Return each entry exactly, omitting nothing.

Stored data:
####################
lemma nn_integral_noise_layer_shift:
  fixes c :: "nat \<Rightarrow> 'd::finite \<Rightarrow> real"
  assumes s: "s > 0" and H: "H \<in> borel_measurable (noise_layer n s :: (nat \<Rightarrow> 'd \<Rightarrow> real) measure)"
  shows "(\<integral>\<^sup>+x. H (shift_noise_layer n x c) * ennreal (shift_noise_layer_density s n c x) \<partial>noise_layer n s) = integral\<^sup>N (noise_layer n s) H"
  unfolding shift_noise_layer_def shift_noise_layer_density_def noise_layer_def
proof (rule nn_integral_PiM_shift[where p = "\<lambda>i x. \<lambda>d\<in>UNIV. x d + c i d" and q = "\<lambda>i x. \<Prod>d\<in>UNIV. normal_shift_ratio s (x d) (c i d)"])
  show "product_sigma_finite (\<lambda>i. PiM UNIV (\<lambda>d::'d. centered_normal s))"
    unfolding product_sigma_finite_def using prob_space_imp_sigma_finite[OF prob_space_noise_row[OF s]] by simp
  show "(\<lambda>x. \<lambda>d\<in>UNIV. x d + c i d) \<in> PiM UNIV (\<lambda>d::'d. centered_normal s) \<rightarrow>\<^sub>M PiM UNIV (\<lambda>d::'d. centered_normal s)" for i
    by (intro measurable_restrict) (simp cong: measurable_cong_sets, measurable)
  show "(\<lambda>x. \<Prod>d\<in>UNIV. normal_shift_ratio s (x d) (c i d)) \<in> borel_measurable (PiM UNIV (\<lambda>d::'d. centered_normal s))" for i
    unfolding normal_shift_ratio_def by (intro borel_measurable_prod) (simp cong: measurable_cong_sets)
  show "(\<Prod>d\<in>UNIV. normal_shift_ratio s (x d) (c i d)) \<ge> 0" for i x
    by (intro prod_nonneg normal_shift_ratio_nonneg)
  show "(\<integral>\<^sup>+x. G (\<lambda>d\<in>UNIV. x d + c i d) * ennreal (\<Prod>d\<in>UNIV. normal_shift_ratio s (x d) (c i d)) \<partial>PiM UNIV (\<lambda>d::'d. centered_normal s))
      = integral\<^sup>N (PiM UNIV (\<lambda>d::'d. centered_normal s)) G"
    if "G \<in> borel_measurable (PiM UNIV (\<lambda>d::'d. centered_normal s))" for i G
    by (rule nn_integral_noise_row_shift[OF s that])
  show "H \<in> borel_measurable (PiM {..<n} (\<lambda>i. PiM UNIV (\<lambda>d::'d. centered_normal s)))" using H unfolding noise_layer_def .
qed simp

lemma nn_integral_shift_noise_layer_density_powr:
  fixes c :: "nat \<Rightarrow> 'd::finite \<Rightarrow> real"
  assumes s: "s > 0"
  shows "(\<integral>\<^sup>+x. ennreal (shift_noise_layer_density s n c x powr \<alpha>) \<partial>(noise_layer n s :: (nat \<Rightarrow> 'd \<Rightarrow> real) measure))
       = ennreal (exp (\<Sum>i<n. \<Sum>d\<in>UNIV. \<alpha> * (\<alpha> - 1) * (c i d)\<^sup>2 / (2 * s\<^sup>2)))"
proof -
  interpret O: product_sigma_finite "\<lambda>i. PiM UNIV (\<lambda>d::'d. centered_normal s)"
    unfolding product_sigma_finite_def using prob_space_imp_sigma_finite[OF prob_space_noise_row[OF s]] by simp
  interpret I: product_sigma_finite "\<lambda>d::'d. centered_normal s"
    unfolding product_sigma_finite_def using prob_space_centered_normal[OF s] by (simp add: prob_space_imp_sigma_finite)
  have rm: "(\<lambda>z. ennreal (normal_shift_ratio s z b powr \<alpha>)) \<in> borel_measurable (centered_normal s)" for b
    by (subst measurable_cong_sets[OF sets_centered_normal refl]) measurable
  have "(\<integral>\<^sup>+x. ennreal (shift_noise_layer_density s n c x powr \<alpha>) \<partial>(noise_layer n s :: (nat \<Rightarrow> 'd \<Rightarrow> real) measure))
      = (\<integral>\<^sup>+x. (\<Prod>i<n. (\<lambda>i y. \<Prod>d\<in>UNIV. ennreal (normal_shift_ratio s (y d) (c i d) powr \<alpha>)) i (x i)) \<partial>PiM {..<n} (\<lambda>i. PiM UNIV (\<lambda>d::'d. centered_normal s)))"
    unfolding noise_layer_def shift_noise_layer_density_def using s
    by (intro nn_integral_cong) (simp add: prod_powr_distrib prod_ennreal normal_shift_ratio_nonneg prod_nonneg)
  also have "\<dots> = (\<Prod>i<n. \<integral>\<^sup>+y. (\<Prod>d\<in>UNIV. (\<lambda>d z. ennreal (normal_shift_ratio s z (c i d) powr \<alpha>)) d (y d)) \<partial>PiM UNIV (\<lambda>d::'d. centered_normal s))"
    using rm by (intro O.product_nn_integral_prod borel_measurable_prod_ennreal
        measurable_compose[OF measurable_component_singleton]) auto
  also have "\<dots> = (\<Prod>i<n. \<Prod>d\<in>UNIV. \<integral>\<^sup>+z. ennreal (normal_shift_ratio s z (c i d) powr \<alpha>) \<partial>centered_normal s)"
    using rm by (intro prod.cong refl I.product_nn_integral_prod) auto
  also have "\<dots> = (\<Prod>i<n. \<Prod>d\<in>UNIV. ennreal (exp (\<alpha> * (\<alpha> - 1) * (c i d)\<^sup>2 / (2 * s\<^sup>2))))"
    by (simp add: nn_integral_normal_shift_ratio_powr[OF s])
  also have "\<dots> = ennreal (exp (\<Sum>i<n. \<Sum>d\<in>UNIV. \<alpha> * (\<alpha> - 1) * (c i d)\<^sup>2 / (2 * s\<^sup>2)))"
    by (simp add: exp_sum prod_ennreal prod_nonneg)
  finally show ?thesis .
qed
####################
Solution —
lemma nn_integral_noise_layer_shift:
  fixes c :: "nat \<Rightarrow> 'd::finite \<Rightarrow> real"
  assumes s: "s > 0" and H: "H \<in> borel_measurable (noise_layer n s :: (nat \<Rightarrow> 'd \<Rightarrow> real) measure)"
  shows "(\<integral>\<^sup>+x. H (shift_noise_layer n x c) * ennreal (shift_noise_layer_density s n c x) \<partial>noise_layer n s) = integral\<^sup>N (noise_layer n s) H"
  unfolding shift_noise_layer_def shift_noise_layer_density_def noise_layer_def
proof (rule nn_integral_PiM_shift[where p = "\<lambda>i x. \<lambda>d\<in>UNIV. x d + c i d" and q = "\<lambda>i x. \<Prod>d\<in>UNIV. normal_shift_ratio s (x d) (c i d)"])
  show "product_sigma_finite (\<lambda>i. PiM UNIV (\<lambda>d::'d. centered_normal s))"
    unfolding product_sigma_finite_def using prob_space_imp_sigma_finite[OF prob_space_noise_row[OF s]] by simp
  show "(\<lambda>x. \<lambda>d\<in>UNIV. x d + c i d) \<in> PiM UNIV (\<lambda>d::'d. centered_normal s) \<rightarrow>\<^sub>M PiM UNIV (\<lambda>d::'d. centered_normal s)" for i
    by (intro measurable_restrict) (simp cong: measurable_cong_sets, measurable)
  show "(\<lambda>x. \<Prod>d\<in>UNIV. normal_shift_ratio s (x d) (c i d)) \<in> borel_measurable (PiM UNIV (\<lambda>d::'d. centered_normal s))" for i
    unfolding normal_shift_ratio_def by (intro borel_measurable_prod) (simp cong: measurable_cong_sets)
  show "(\<Prod>d\<in>UNIV. normal_shift_ratio s (x d) (c i d)) \<ge> 0" for i x
    by (intro prod_nonneg normal_shift_ratio_nonneg)
  show "(\<integral>\<^sup>+x. G (\<lambda>d\<in>UNIV. x d + c i d) * ennreal (\<Prod>d\<in>UNIV. normal_shift_ratio s (x d) (c i d)) \<partial>PiM UNIV (\<lambda>d::'d. centered_normal s))
      = integral\<^sup>N (PiM UNIV (\<lambda>d::'d. centered_normal s)) G"
    if "G \<in> borel_measurable (PiM UNIV (\<lambda>d::'d. centered_normal s))" for i G
    by (rule nn_integral_noise_row_shift[OF s that])
  show "H \<in> borel_measurable (PiM {..<n} (\<lambda>i. PiM UNIV (\<lambda>d::'d. centered_normal s)))" using H unfolding noise_layer_def .
qed simp

lemma nn_integral_shift_noise_layer_density_powr:
  fixes c :: "nat \<Rightarrow> 'd::finite \<Rightarrow> real"
  assumes s: "s > 0"
  shows "(\<integral>\<^sup>+x. ennreal (shift_noise_layer_density s n c x powr \<alpha>) \<partial>(noise_layer n s :: (nat \<Rightarrow> 'd \<Rightarrow> real) measure))
       = ennreal (exp (\<Sum>i<n. \<Sum>d\<in>UNIV. \<alpha> * (\<alpha> - 1) * (c i d)\<^sup>2 / (2 * s\<^sup>2)))"
proof -
  interpret O: product_sigma_finite "\<lambda>i. PiM UNIV (\<lambda>d::'d. centered_normal s)"
    unfolding product_sigma_finite_def using prob_space_imp_sigma_finite[OF prob_space_noise_row[OF s]] by simp
  interpret I: product_sigma_finite "\<lambda>d::'d. centered_normal s"
    unfolding product_sigma_finite_def using prob_space_centered_normal[OF s] by (simp add: prob_space_imp_sigma_finite)
  have rm: "(\<lambda>z. ennreal (normal_shift_ratio s z b powr \<alpha>)) \<in> borel_measurable (centered_normal s)" for b
    by (subst measurable_cong_sets[OF sets_centered_normal refl]) measurable
  have "(\<integral>\<^sup>+x. ennreal (shift_noise_layer_density s n c x powr \<alpha>) \<partial>(noise_layer n s :: (nat \<Rightarrow> 'd \<Rightarrow> real) measure))
      = (\<integral>\<^sup>+x. (\<Prod>i<n. (\<lambda>i y. \<Prod>d\<in>UNIV. ennreal (normal_shift_ratio s (y d) (c i d) powr \<alpha>)) i (x i)) \<partial>PiM {..<n} (\<lambda>i. PiM UNIV (\<lambda>d::'d. centered_normal s)))"
    unfolding noise_layer_def shift_noise_layer_density_def using s
    by (intro nn_integral_cong) (simp add: prod_powr_distrib prod_ennreal normal_shift_ratio_nonneg prod_nonneg)
  also have "\<dots> = (\<Prod>i<n. \<integral>\<^sup>+y. (\<Prod>d\<in>UNIV. (\<lambda>d z. ennreal (normal_shift_ratio s z (c i d) powr \<alpha>)) d (y d)) \<partial>PiM UNIV (\<lambda>d::'d. centered_normal s))"
    using rm by (intro O.product_nn_integral_prod borel_measurable_prod_ennreal
        measurable_compose[OF measurable_component_singleton]) auto
  also have "\<dots> = (\<Prod>i<n. \<Prod>d\<in>UNIV. \<integral>\<^sup>+z. ennreal (normal_shift_ratio s z (c i d) powr \<alpha>) \<partial>centered_normal s)"
    using rm by (intro prod.cong refl I.product_nn_integral_prod) auto
  also have "\<dots> = (\<Prod>i<n. \<Prod>d\<in>UNIV. ennreal (exp (\<alpha> * (\<alpha> - 1) * (c i d)\<^sup>2 / (2 * s\<^sup>2))))"
    by (simp add: nn_integral_normal_shift_ratio_powr[OF s])
  also have "\<dots> = ennreal (exp (\<Sum>i<n. \<Sum>d\<in>UNIV. \<alpha> * (\<alpha> - 1) * (c i d)\<^sup>2 / (2 * s\<^sup>2)))"
    by (simp add: exp_sum prod_ennreal prod_nonneg)
  finally show ?thesis .
qed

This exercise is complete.